On Wednesday, 8 May 2013 at 16:14:05 UTC, H. S. Teoh wrote:
Does it make sense to have a common interface between, say, directed and non-directed graphs? That is, are there algorithms that can operate on both, or do most of the interesting algorithms only work on one or the
other? I'm just wondering if it's worth the trouble of doing
compile-time (or runtime) checks if we could just have two unrelated
graph types.

I suggest building the graphs as structs with policy based design, possibly having separate policies for how the graphs are stored in memory, possibly not. So the basic graph structure would be like this.

// Struct so stack allocation becomes possible later.
struct GraphImplementation(GraphPolicy)
if (isGraphPolicy!GraphPolicy){
    GraphPolicy graphPolicy = GraphPolicy();
}

The graph policies could look like this.

struct DigraphPolicy(Node, Weight) {
// This could be the first naive policy to get the ball rolling. // unit test to verify a few basic algorithms first, optimise later.
    Weight[Node][Node] edgeMap;

    ...
}

The policies can then offer methods for accessing and mutating the graphs. So that would be stuff like bool addNode(Node), bool removeNode(Node), bool addEdge(Node, Node), NodeRange!Node neighbors(Node), etc. All of the internals of GraphImplementation could then access the very basic things through these methods, and then expose a few to the users by wrapping/aliasing the functions. Perhaps encapsluation + alias this is the way to go here.

{
... alias graphPolicy this; // Now we expose addNode(Node), etc.
}

Then for your final trick, you could throw in a few templates to bring it all together.

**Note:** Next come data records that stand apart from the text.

(* Let $\alpha\neq\beta$, let $(g_n)$ be as in the context, set $w=\dfrac{\beta-x}{\beta-\alpha}$ and $\Phi(y)=\dfrac{(\alpha-\beta)yw+\beta}{1-yw}$. Let $y=y(t)$ be the unique formal power series in $t$ with $y(0)=0$ satisfying $y=t\,\Phi(y)$. Then for all $n\ge0$, $$g_n(x)=[t^n]\,\frac{1}{1-y(t)},\qquad\text{i.e.}\qquad \sum_{n\ge0}g_n(x)\,t^n=\frac{1}{1-y(t)}.$$
   Context: Fix complex numbers $\alpha\neq\beta$. Define polynomials $g_n(x)\in\mathbb{C}[x]$ recursively by $g_0(x)=1$ and, for $n\ge1$, $$(x-\alpha)(\alpha-\beta)^{n-1}g_n(x)=\alpha(x-\beta)^n g_{n-1}(\alpha)-x(\alpha-\beta)^n g_{n-1}(x).$$ (The right-hand side vanishes at $x=\alpha$, so it is divisible by $x-\alpha$ and $g_n$ is a uniquely determined polynomial.) $[t^n]F(t)$ denotes the coefficient of $t^n$ in the formal power series $F$. *)

theory Defs
  imports "HOL-Computational_Algebra.Polynomial" "HOL-Computational_Algebra.Formal_Power_Series"
begin

text \<open>The recursion
  (x-a)(a-b)^(n-1) g_n(x) = a (x-b)^n g_(n-1)(a) - x (a-b)^n g_(n-1)(x)
  is rendered as exact polynomial division (the right-hand side is divisible).\<close>
fun gpoly :: "complex \<Rightarrow> complex \<Rightarrow> nat \<Rightarrow> complex poly" where
  "gpoly a b 0 = 1"
| "gpoly a b (Suc n) =
     (smult (a * poly (gpoly a b n) a) ([:-b, 1:] ^ Suc n)
      - smult ((a - b) ^ Suc n) (pCons 0 (gpoly a b n)))
     div (smult ((a - b) ^ n) [:-a, 1:])"

definition Phi :: "complex \<Rightarrow> complex \<Rightarrow> complex \<Rightarrow> complex fps \<Rightarrow> complex fps" where
  "Phi a b x y = (let w = (b - x) / (b - a) in
     (fps_const ((a - b) * w) * y + fps_const b) * inverse (1 - fps_const w * y))"

end

theory Submission
  imports Defs
begin

(* Clearing the denominator, y = t Phi(y) becomes the quadratic
   y (1 - w y) = t (c w y + beta) with c = alpha - beta, which fixes the coefficients of y
   recursively; so y exists and is unique. Rescaling t to w t shows that w y(t) is y_alpha(w t),
   where y_alpha is the solution for x = alpha (i.e. w = 1). For F = 1/(1 - y) this gives
   (w - 1)(F - 1) + t (beta + c w) F = alpha w t F_alpha(w t); comparing coefficients of t^(n+1)
   and multiplying by c^(n+1) yields exactly the recurrence defining g_(n+1). The coefficients
   of F are polynomials in x, so this also determines them at x = alpha, where the recurrence
   degenerates. *)

unbundle fps_syntax

lemma fps_square_nth:
  fixes y :: "'a::comm_ring_1 fps"
  assumes "y $ 0 = 0"
  shows "(y * y) $ n = (\<Sum>i\<in>{1..<n}. y $ i * y $ (n - i))"
proof -
  have "(y * y) $ n = (\<Sum>i=0..n. y $ i * y $ (n - i))" by (rule fps_mult_nth)
  also have "\<dots> = (\<Sum>i\<in>{1..<n}. y $ i * y $ (n - i))"
    by (rule sum.mono_neutral_right) (use assms in \<open>auto simp: not_less_eq_eq\<close>)
  finally show ?thesis .
qed

lemma fps_inverse_one_minus_nth:
  fixes y :: "'a::field fps"
  assumes "y $ 0 = 0" and "n \<ge> 1"
  shows "inverse (1 - y) $ n = (\<Sum>i=1..n. y $ i * inverse (1 - y) $ (n - i))"
proof -
  define F where "F = inverse (1 - y)"
  have "((1 - y) * F) $ n = 0"
    using assms by (simp add: F_def inverse_mult_eq_1')
  then have "(\<Sum>i=0..n. (1 - y) $ i * F $ (n - i)) = 0" unfolding fps_mult_nth .
  moreover have "(\<Sum>i=0..n. (1 - y) $ i * F $ (n - i))
      = (1 - y) $ 0 * F $ n + (\<Sum>i=1..n. (1 - y) $ i * F $ (n - i))"
    by (simp add: sum.atLeast_Suc_atMost)
  moreover have "(\<Sum>i=1..n. (1 - y) $ i * F $ (n - i)) = - (\<Sum>i=1..n. y $ i * F $ (n - i))"
    by (simp add: sum_negf [symmetric])
  ultimately show ?thesis using assms(1) by (simp add: F_def)
qed

lemma fps_eq_mult_inverse_iff:
  fixes y d :: "'a::field fps"
  assumes "d $ 0 \<noteq> 0"
  shows "y = f * inverse d \<longleftrightarrow> y * d = f"
  using inverse_mult_eq_1 [OF assms] inverse_mult_eq_1' [OF assms] by (auto simp: mult.assoc)

definition polyfun :: "('a::comm_semiring_0 \<Rightarrow> 'a) \<Rightarrow> bool" where
  "polyfun f \<longleftrightarrow> (\<exists>p. poly p = f)"

lemma polyfun_const: "polyfun (\<lambda>x. k)"
  unfolding polyfun_def by (rule exI [of _ "[:k:]"]) auto

lemma polyfun_add: "polyfun f \<Longrightarrow> polyfun g \<Longrightarrow> polyfun (\<lambda>x. f x + g x)"
  unfolding polyfun_def by (metis poly_add)

lemma polyfun_mult: "polyfun f \<Longrightarrow> polyfun g \<Longrightarrow> polyfun (\<lambda>x. f x * g x)"
  for f g :: "'a::comm_semiring_1 \<Rightarrow> 'a"
  unfolding polyfun_def by (metis poly_mult)

lemma polyfun_sum:
  "finite A \<Longrightarrow> (\<And>i. i \<in> A \<Longrightarrow> polyfun (f i)) \<Longrightarrow> polyfun (\<lambda>x. \<Sum>i\<in>A. f i x)"
  by (induction A rule: finite_induct) (simp_all add: polyfun_const polyfun_add)

lemma polyfun_inverse_one_minus_nth:
  fixes y :: "'a::field \<Rightarrow> 'a fps"
  assumes "\<And>x. y x $ 0 = 0" and "\<And>i. polyfun (\<lambda>x. y x $ i)"
  shows "polyfun (\<lambda>x. inverse (1 - y x) $ n)"
proof (induction n rule: less_induct)
  case (less n)
  show ?case
  proof (cases "n = 0")
    case True
    then show ?thesis using assms(1) by (simp add: polyfun_const)
  next
    case False
    then have "polyfun (\<lambda>x. \<Sum>i=1..n. y x $ i * inverse (1 - y x) $ (n - i))"
      using less by (intro polyfun_sum polyfun_mult assms(2)) auto
    then show ?thesis using False by (simp add: fps_inverse_one_minus_nth [OF assms(1)])
  qed
qed

definition quad_step :: "'a::comm_ring_1 \<Rightarrow> 'a \<Rightarrow> 'a \<Rightarrow> (nat \<Rightarrow> 'a) \<Rightarrow> nat \<Rightarrow> 'a" where
  "quad_step c b w f n = (if n = 0 then 0 else
     w * (\<Sum>i\<in>{1..<n}. f i * f (n - i)) + c * w * f (n - 1) + (if n = 1 then b else 0))"

function quad_coeff :: "'a::comm_ring_1 \<Rightarrow> 'a \<Rightarrow> 'a \<Rightarrow> nat \<Rightarrow> 'a" where
  "quad_coeff c b w n = (if n = 0 then 0 else
     w * (\<Sum>i\<in>{1..<n}. quad_coeff c b w i * quad_coeff c b w (n - i))
     + c * w * quad_coeff c b w (n - 1) + (if n = 1 then b else 0))"
  by auto
termination by (relation "measure (\<lambda>(c, b, w, n). n)") auto

declare quad_coeff.simps [simp del]

lemma quad_coeff_step: "quad_coeff c b w n = quad_step c b w (quad_coeff c b w) n"
  unfolding quad_step_def by (subst quad_coeff.simps) (rule refl)

lemma quad_step_fixpoint_unique:
  assumes "\<And>n. f n = quad_step c b w f n"
  shows "f = quad_coeff c b w"
proof
  fix n show "f n = quad_coeff c b w n"
  proof (induction n rule: less_induct)
    case (less n)
    have "f n = quad_step c b w f n" by (rule assms)
    also have "\<dots> = quad_step c b w (quad_coeff c b w) n"
      unfolding quad_step_def using less by (auto intro!: sum.cong)
    also have "\<dots> = quad_coeff c b w n" by (rule quad_coeff_step [symmetric])
    finally show ?case .
  qed
qed

definition quad_root :: "'a::comm_ring_1 \<Rightarrow> 'a \<Rightarrow> 'a \<Rightarrow> 'a fps" where
  "quad_root c b w = Abs_fps (quad_coeff c b w)"

definition is_quad_root :: "'a::comm_ring_1 \<Rightarrow> 'a \<Rightarrow> 'a \<Rightarrow> 'a fps \<Rightarrow> bool" where
  "is_quad_root c b w y \<longleftrightarrow> y $ 0 = 0 \<and>
     y * (1 - fps_const w * y) = fps_X * (fps_const (c * w) * y + fps_const b)"

lemma is_quad_root_iff_fixpoint:
  "is_quad_root c b w y \<longleftrightarrow> (\<forall>n. y $ n = quad_step c b w (fps_nth y) n)"
proof (cases "y $ 0 = 0")
  case True
  have "(y * (1 - fps_const w * y)) $ n = y $ n - w * (\<Sum>i\<in>{1..<n}. y $ i * y $ (n - i))" for n
  proof -
    have "y * (1 - fps_const w * y) = y - fps_const w * (y * y)" by (simp add: algebra_simps)
    then show ?thesis using fps_square_nth [OF True, of n] by simp
  qed
  then show ?thesis
    using True unfolding is_quad_root_def fps_eq_iff quad_step_def
    by (auto simp: algebra_simps)
next
  case False
  then show ?thesis unfolding is_quad_root_def quad_step_def by auto
qed

lemma is_quad_root_quad_root: "is_quad_root c b w (quad_root c b w)"
  unfolding is_quad_root_iff_fixpoint quad_root_def
  by (simp add: Abs_fps_inverse flip: quad_coeff_step)

lemma is_quad_root_unique: "is_quad_root c b w y \<Longrightarrow> y = quad_root c b w"
  unfolding is_quad_root_iff_fixpoint quad_root_def
  by (metis fps_nth_inverse quad_step_fixpoint_unique)

lemma quad_root_nth_0 [simp]: "quad_root c b w $ 0 = 0"
  using is_quad_root_quad_root is_quad_root_def by blast

(* Both sides solve the equation with parameters (c w, b w, 1). *)
lemma quad_root_compose_linear:
  fixes c b w :: "'a::idom"
  shows "quad_root c b 1 oo (fps_const w * fps_X) = fps_const w * quad_root c b w"
proof -
  define L where "L = fps_const w * fps_X"
  define Z where "Z = quad_root c b 1 oo L"
  define Y where "Y = quad_root c b w"
  have L0: "L $ 0 = 0" by (simp add: L_def)
  have "is_quad_root (c * w) (b * w) 1 Z"
  proof -
    have "(quad_root c b 1 * (1 - quad_root c b 1)) oo L
        = (fps_X * (fps_const c * quad_root c b 1 + fps_const b)) oo L"
      using is_quad_root_quad_root [of c b 1] by (simp add: is_quad_root_def)
    then have "Z * (1 - Z) = L * (fps_const c * Z + fps_const b)"
      by (simp add: Z_def L0 fps_compose_mult_distrib fps_compose_sub_distrib
          fps_compose_add_distrib)
    also have "\<dots> = fps_X * (fps_const (c * w * 1) * Z + fps_const (b * w))"
      by (simp add: L_def algebra_simps flip: fps_const_mult)
    finally show ?thesis by (simp add: is_quad_root_def Z_def)
  qed
  moreover have "is_quad_root (c * w) (b * w) 1 (fps_const w * Y)"
  proof -
    define W where "W = fps_const w"
    have eq: "Y * (1 - W * Y) = fps_X * (fps_const c * W * Y + fps_const b)"
      using is_quad_root_quad_root [of c b w] by (simp add: is_quad_root_def Y_def W_def)
    have "(W * Y) * (1 - W * Y) = W * (Y * (1 - W * Y))" by (simp add: ac_simps)
    also have "\<dots> = fps_X * (fps_const c * W * (W * Y) + fps_const b * W)"
      unfolding eq by (simp add: algebra_simps)
    finally have "(W * Y) * (1 - W * Y) = fps_X * (fps_const c * W * (W * Y) + fps_const b * W)" .
    then show ?thesis by (simp add: is_quad_root_def Y_def W_def)
  qed
  ultimately show ?thesis
    unfolding Z_def Y_def L_def by (metis is_quad_root_unique)
qed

template isGraphPolicy(T) { ... }
template isSomeGraph(T) { ... }
template NodeType(SomeGraph) { ... }
template EdgeType(SomeGraph) { ... }

Most importantly...

template Digraph(Node, Weight = int) {
auto Digraph = GraphImplementation!(DigraphPolicy!(Node, Weight));
}

Then we are back to basics:

auto graph = Digraph!char;
graph.addEdge('a', 'b'); // bla, bla, bla

I think doing things in this way makes it easy to get the ball rolling, but also easy to add in optimisations later. ("Aha, this is an undirected graph, I can assume this... static if") I think the most important thing is to get the graph basics right, then to worry about how storage works, etc. later.